- [Task]: Go through the entries below. Copy out every line that contains "ultimately".

(Collected data)

lemma c_seq_eq_seq_cost:
  assumes "best_response x0 h1 h2 x1 x2"
  shows "c_seq x0 h1 h2 = seq_cost x0 x1 x2"
  unfolding c_seq_def
proof (rule cInf_eq_minimum)
  show "seq_cost x0 x1 x2 \<in> {seq_cost x0 y1 y2 |y1 y2. h1 y1 = 1 \<and> h2 y2 = 1}"
    using assms unfolding best_response_def by blast
next
  fix z assume "z \<in> {seq_cost x0 y1 y2 |y1 y2. h1 y1 = 1 \<and> h2 y2 = 1}"
  then show "seq_cost x0 x1 x2 \<le> z"
    using assms unfolding best_response_def by blast
qed

lemma classifier_frame:
  assumes w1: "norm w1 = 1" and w2: "norm w2 = 1"
    and "lin_clf w1 x0 = 0" "lin_clf w2 (proj_hs w1 x0) = 0"
    and "0 < \<theta>" "\<theta> < pi" "cos \<theta> = - (w1 \<bullet> w2)"
  obtains J where "norm J = 1" "w1 \<bullet> J = 0" "proj_hs w1 x0 = norm (proj_hs w1 x0) *\<^sub>R J"
    "x0 = (- dist_hs w1 x0) *\<^sub>R w1 + norm (proj_hs w1 x0) *\<^sub>R J"
    "w2 = (- cos \<theta>) *\<^sub>R w1 + (- sin \<theta>) *\<^sub>R J"
    "0 < dist_hs w1 x0" "0 < norm (proj_hs w1 x0)"
proof
  let ?p = "proj_hs w1 x0"
  define J where "J = (1 / norm ?p) *\<^sub>R ?p"
  have "w1 \<bullet> x0 < 0" "w2 \<bullet> ?p < 0"
    using assms(3,4) by (simp_all add: lin_clf_eq_0_iff)
  then show "0 < dist_hs w1 x0" "0 < norm ?p"
    by (auto simp: dist_hs_def)
  have p_eq: "?p = x0 + dist_hs w1 x0 *\<^sub>R w1"
    using \<open>w1 \<bullet> x0 < 0\<close> by (simp add: proj_hs_def dist_hs_def)
  have "?p \<noteq> 0"
    using \<open>w2 \<bullet> ?p < 0\<close> by auto
  then show p_J: "?p = norm ?p *\<^sub>R J"
    by (simp add: J_def)
  show "norm J = 1"
    using \<open>?p \<noteq> 0\<close> by (simp add: J_def)
  have "w1 \<bullet> ?p = 0"
    using \<open>w1 \<bullet> x0 < 0\<close> w1
    by (simp add: p_eq dist_hs_def inner_add_right inner_diff_right norm_eq_1)
  then show w1_J: "w1 \<bullet> J = 0"
    by (simp add: J_def)
  show "x0 = (- dist_hs w1 x0) *\<^sub>R w1 + norm ?p *\<^sub>R J"
    using p_eq p_J by (simp add: algebra_simps)
  define r where "r = w2 \<bullet> J"
  have w2_eq: "w2 = (- cos \<theta>) *\<^sub>R w1 + r *\<^sub>R J"
    using vector_2_orthonormal_expansion[OF w1 \<open>norm J = 1\<close> w1_J, of w2] assms(7)
    by (simp add: r_def inner_commute)
  have "r < 0"
    using \<open>w2 \<bullet> ?p < 0\<close> \<open>?p \<noteq> 0\<close>
    by (subst (asm) p_J) (simp add: r_def zero_less_mult_iff mult_less_0_iff)
  moreover have "norm w2 = sqrt ((- cos \<theta>)\<^sup>2 + r\<^sup>2)"
    by (subst w2_eq) (rule norm_orthonormal_combination[OF w1 \<open>norm J = 1\<close> w1_J])
  then have "r\<^sup>2 = (sin \<theta>)\<^sup>2"
    using w2 by (simp add: sin_squared_eq)
  moreover have "0 < sin \<theta>"
    using assms(5,6) by (rule sin_gt_zero)
  ultimately have "r = - sin \<theta>"
    by (metis power2_eq_iff less_asym)
  then show "w2 = (- cos \<theta>) *\<^sub>R w1 + (- sin \<theta>) *\<^sub>R J"
    using w2_eq by simp
qed

context
  fixes w1 w2 J x0 :: "real^2" and a d c s :: real
  assumes frame: "norm w1 = 1" "norm J = 1" "w1 \<bullet> J = 0"
    and x0_eq: "x0 = (- d) *\<^sub>R w1 + a *\<^sub>R J" and w2_eq: "w2 = (- c) *\<^sub>R w1 + (- s) *\<^sub>R J"
    and cos_sin: "c\<^sup>2 + s\<^sup>2 = 1" and pos: "0 < s" "0 < d" "0 < a"
begin

lemma norm_w2: "norm w2 = 1"
  unfolding w2_eq norm_orthonormal_combination[OF frame] using cos_sin by simp

lemma norm_x0: "norm x0 = sqrt (d\<^sup>2 + a\<^sup>2)"
  unfolding x0_eq norm_orthonormal_combination[OF frame] by simp

lemma le_sin_mult_norm_x0:
  assumes "a * \<bar>c\<bar> \<le> s * d"
  shows "a \<le> s * norm x0"
proof (rule power2_le_imp_le)
  have "a\<^sup>2 = (a * \<bar>c\<bar>)\<^sup>2 + a\<^sup>2 * s\<^sup>2"
    using cos_sin by (simp add: algebra_simps flip: distrib_left)
  also have "\<dots> \<le> (s * d)\<^sup>2 + a\<^sup>2 * s\<^sup>2"
    using assms pos by (intro add_right_mono power_mono) auto
  also have "\<dots> = (s * norm x0)\<^sup>2"
    by (simp add: norm_x0 algebra_simps)
  finally show "a\<^sup>2 \<le> (s * norm x0)\<^sup>2" .
qed (use pos in simp)

lemma best_response_origin:
  assumes "c = 0 \<or> a / d < s / \<bar>c\<bar>"
  shows "best_response x0 (lin_clf w1) (lin_clf w2) 0 0"
proof -
  have "a * \<bar>c\<bar> \<le> s * d"
    using assms pos by (cases "c = 0") (simp_all add: field_simps)
  define L where "L = norm x0"
  have "0 < L"
    using pos by (simp add: L_def norm_x0 add_pos_nonneg)
  \<comment> \<open>the coordinates of \<open>-x0 / norm x0\<close> in the basis \<open>(w1, w2)\<close>\<close>
  define l where "l = (s * d + a * c) / (s * L)"
  define m where "m = a / (s * L)"
  have "l *\<^sub>R w1 + m *\<^sub>R w2 = (l - m * c) *\<^sub>R w1 + (- (m * s)) *\<^sub>R J"
    by (simp add: w2_eq algebra_simps)
  also have "\<dots> = (d / L) *\<^sub>R w1 + (- (a / L)) *\<^sub>R J"
    using pos \<open>0 < L\<close> by (simp add: l_def m_def field_simps)
  finally have u_eq: "l *\<^sub>R w1 + m *\<^sub>R w2 = (d / L) *\<^sub>R w1 + (- (a / L)) *\<^sub>R J" .
  show ?thesis
  proof (rule best_response_of_dual_certificate)
    show "norm (l *\<^sub>R w1 + m *\<^sub>R w2) \<le> 1"
      using \<open>0 < L\<close> unfolding u_eq norm_orthonormal_combination[OF frame]
      by (simp add: L_def norm_x0 power_divide add_divide_distrib[symmetric])
    have "m \<le> 1"
      using le_sin_mult_norm_x0[OF \<open>a * \<bar>c\<bar> \<le> s * d\<close>] pos \<open>0 < L\<close>
      by (simp add: m_def L_def pos_divide_le_eq)
    moreover show "0 \<le> m"
      using pos \<open>0 < L\<close> by (simp add: m_def)
    ultimately show "norm (m *\<^sub>R w2) \<le> 1"
      using norm_w2 by simp
    have "a * (- \<bar>c\<bar>) \<le> a * c"
      using pos by (intro mult_left_mono) auto
    then show "0 \<le> l"
      using \<open>a * \<bar>c\<bar> \<le> s * d\<close> pos \<open>0 < L\<close> unfolding l_def by (intro divide_nonneg_pos) simp_all
    have "- ((l *\<^sub>R w1 + m *\<^sub>R w2) \<bullet> x0) = (d\<^sup>2 + a\<^sup>2) / L"
      unfolding u_eq x0_eq inner_orthonormal_combination[OF frame]
      by (simp add: power2_eq_square add_divide_distrib)
    also have "\<dots> = L"
      using \<open>0 < L\<close> by (simp add: L_def norm_x0 divide_eq_eq power2_eq_square[symmetric])
    finally show "seq_cost x0 0 0 = - ((l *\<^sub>R w1 + m *\<^sub>R w2) \<bullet> x0)"
      by (simp add: seq_cost_def L_def)
  qed (simp_all add: lin_clf_def)
qed

lemma seq_cost_two_step:
  assumes "c \<noteq> 0" "s * d \<le> a * \<bar>c\<bar>" and x1_eq: "x1 = (a - d * s / \<bar>c\<bar>) *\<^sub>R J"
  shows "seq_cost x0 x1 (proj_hs w2 x1) = d * \<bar>c\<bar> + a * s"
proof -
  define b where "b = a - d * s / \<bar>c\<bar>"
  have "0 \<le> b"
    using assms(1,2) by (simp add: b_def pos_divide_le_eq mult.commute)
  have "x1 - x0 = d *\<^sub>R w1 + (- (d * s / \<bar>c\<bar>)) *\<^sub>R J"
    by (simp add: x1_eq x0_eq algebra_simps)
  then have "norm (x1 - x0) = sqrt (d\<^sup>2 + (d * s / \<bar>c\<bar>)\<^sup>2)"
    by (simp only: norm_orthonormal_combination[OF frame] power2_minus)
  also have "d\<^sup>2 + (d * s / \<bar>c\<bar>)\<^sup>2 = (d / \<bar>c\<bar>)\<^sup>2 * (c\<^sup>2 + s\<^sup>2)"
    using assms(1) by (simp add: field_simps)
  finally have "norm (x1 - x0) = d / \<bar>c\<bar>"
    using cos_sin pos by simp
  moreover have "w2 \<bullet> x1 = - (s * b)"
    unfolding w2_eq x1_eq b_def[symmetric]
    using inner_orthonormal_combination[OF frame, of "- c" "- s" 0 b] by simp
  then have "norm (proj_hs w2 x1 - x1) = s * b"
    using pos \<open>0 \<le> b\<close> by (auto simp: norm_proj_hs_diff[OF norm_w2] dist_hs_def mult_le_0_iff)
  moreover have "d / \<bar>c\<bar> + s * b = d * \<bar>c\<bar> + a * s"
  proof -
    have "d / \<bar>c\<bar> + s * b = d * (1 - s\<^sup>2) / \<bar>c\<bar> + a * s"
      using assms(1) by (simp add: b_def field_simps power2_eq_square)
    also have "1 - s\<^sup>2 = c\<^sup>2"
      using cos_sin by simp
    finally show ?thesis
      using assms(1) by (simp add: field_simps power2_eq_square)
  qed
  ultimately show ?thesis
    by (simp add: seq_cost_def)
qed

lemma best_response_two_step:
  assumes "c \<noteq> 0" "s / \<bar>c\<bar> \<le> a / d" and x1_def: "x1 = (1 - d / a * (s / \<bar>c\<bar>)) *\<^sub>R (a *\<^sub>R J)"
  shows "best_response x0 (lin_clf w1) (lin_clf w2) x1 (proj_hs w2 x1)"
    and "seq_cost x0 x1 (proj_hs w2 x1) = d * \<bar>c\<bar> + a * s"
proof -
  have "s * d \<le> a * \<bar>c\<bar>"
    using assms(1,2) pos by (simp add: field_simps)
  moreover have "x1 = (a - d * s / \<bar>c\<bar>) *\<^sub>R J"
    using pos by (simp add: x1_def field_simps)
  ultimately show cost: "seq_cost x0 x1 (proj_hs w2 x1) = d * \<bar>c\<bar> + a * s"
    by (rule seq_cost_two_step[OF assms(1)])
  show "best_response x0 (lin_clf w1) (lin_clf w2) x1 (proj_hs w2 x1)"
  proof (rule best_response_of_dual_certificate[where l = "c + \<bar>c\<bar>" and m = 1])
    have u_eq: "(c + \<bar>c\<bar>) *\<^sub>R w1 + 1 *\<^sub>R w2 = \<bar>c\<bar> *\<^sub>R w1 + (- s) *\<^sub>R J"
      by (simp add: w2_eq algebra_simps)
    show "norm ((c + \<bar>c\<bar>) *\<^sub>R w1 + 1 *\<^sub>R w2) \<le> 1"
      using cos_sin unfolding u_eq norm_orthonormal_combination[OF frame] by simp
    have "- (((c + \<bar>c\<bar>) *\<^sub>R w1 + 1 *\<^sub>R w2) \<bullet> x0) = d * \<bar>c\<bar> + a * s"
      unfolding u_eq by (subst x0_eq, subst inner_orthonormal_combination[OF frame]) simp
    then show "seq_cost x0 x1 (proj_hs w2 x1) = - (((c + \<bar>c\<bar>) *\<^sub>R w1 + 1 *\<^sub>R w2) \<bullet> x0)"
      using cost by simp
    show "lin_clf w1 x1 = 1"
      using frame by (simp add: x1_def lin_clf_def)
  qed (simp_all add: norm_w2 lin_clf_proj_hs)
qed

end

theorem mainTheorem13:
  fixes w1 w2 x0 :: "real^2" and \<theta> :: real
  assumes w1: "norm w1 = 1" and w2: "norm w2 = 1"
    and h1x0: "lin_clf w1 x0 = 0"
    and h2P: "lin_clf w2 (proj_hs w1 x0) = 0"
    and th: "0 < \<theta>" "\<theta> < pi" and cth: "cos \<theta> = - (w1 \<bullet> w2)"
  shows
    "((cos \<theta> = 0 \<or> \<bar>tan \<theta>\<bar> > norm (proj_hs w1 x0) / dist_hs w1 x0) \<longrightarrow>
       best_response x0 (lin_clf w1) (lin_clf w2) 0 0 \<and>
       c_seq x0 (lin_clf w1) (lin_clf w2) = norm x0) \<and>
    ((cos \<theta> \<noteq> 0 \<and> \<bar>tan \<theta>\<bar> \<le> norm (proj_hs w1 x0) / dist_hs w1 x0) \<longrightarrow>
       (let x1 = (1 - dist_hs w1 x0 / norm (proj_hs w1 x0) * \<bar>tan \<theta>\<bar>) *\<^sub>R proj_hs w1 x0
        in best_response x0 (lin_clf w1) (lin_clf w2) x1 (proj_hs w2 x1)) \<and>
       c_seq x0 (lin_clf w1) (lin_clf w2) =
         dist_hs w1 x0 * \<bar>cos \<theta>\<bar> + norm (proj_hs w1 x0) * sin \<theta>)"
proof -
  define d a where "d = dist_hs w1 x0" and "a = norm (proj_hs w1 x0)"
  obtain J where J: "norm J = 1" "w1 \<bullet> J = 0" and p_eq: "proj_hs w1 x0 = a *\<^sub>R J"
    and x0_eq: "x0 = (- d) *\<^sub>R w1 + a *\<^sub>R J"
    and w2_eq: "w2 = (- cos \<theta>) *\<^sub>R w1 + (- sin \<theta>) *\<^sub>R J" and "0 < d" "0 < a"
    using classifier_frame[OF w1 w2 h1x0 h2P th cth] unfolding a_def d_def by blast
  have "0 < sin \<theta>"
    using th by (rule sin_gt_zero)
  then have tan_eq: "\<bar>tan \<theta>\<bar> = sin \<theta> / \<bar>cos \<theta>\<bar>"
    by (simp add: tan_def)
  note frame = w1 J x0_eq w2_eq sin_cos_squared_add2 \<open>0 < sin \<theta>\<close> \<open>0 < d\<close> \<open>0 < a\<close>
  show ?thesis
    unfolding d_def[symmetric] a_def[symmetric] unfolding tan_eq p_eq
  proof (intro conjI impI)
    assume "cos \<theta> = 0 \<or> a / d < sin \<theta> / \<bar>cos \<theta>\<bar>"
    then show br: "best_response x0 (lin_clf w1) (lin_clf w2) 0 0"
      by (rule best_response_origin[OF frame])
    show "c_seq x0 (lin_clf w1) (lin_clf w2) = norm x0"
      using c_seq_eq_seq_cost[OF br] by (simp add: seq_cost_def)
  next
    assume "cos \<theta> \<noteq> 0 \<and> sin \<theta> / \<bar>cos \<theta>\<bar> \<le> a / d"
    then show "let x1 = (1 - d / a * (sin \<theta> / \<bar>cos \<theta>\<bar>)) *\<^sub>R (a *\<^sub>R J)
        in best_response x0 (lin_clf w1) (lin_clf w2) x1 (proj_hs w2 x1)"
      and "c_seq x0 (lin_clf w1) (lin_clf w2) = d * \<bar>cos \<theta>\<bar> + a * sin \<theta>"
      using best_response_two_step[OF frame _ _ refl] c_seq_eq_seq_cost by (simp_all add: Let_def)
  qed
qed

end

- [Result of this task]:
  ultimately have "r = - sin \<theta>"
    ultimately show "norm (m *\<^sub>R w2) \<le> 1"
  ultimately show ?thesis
  ultimately show cost: "seq_cost x0 x1 (proj_hs w2 x1) = d * \<bar>c\<bar> + a * s"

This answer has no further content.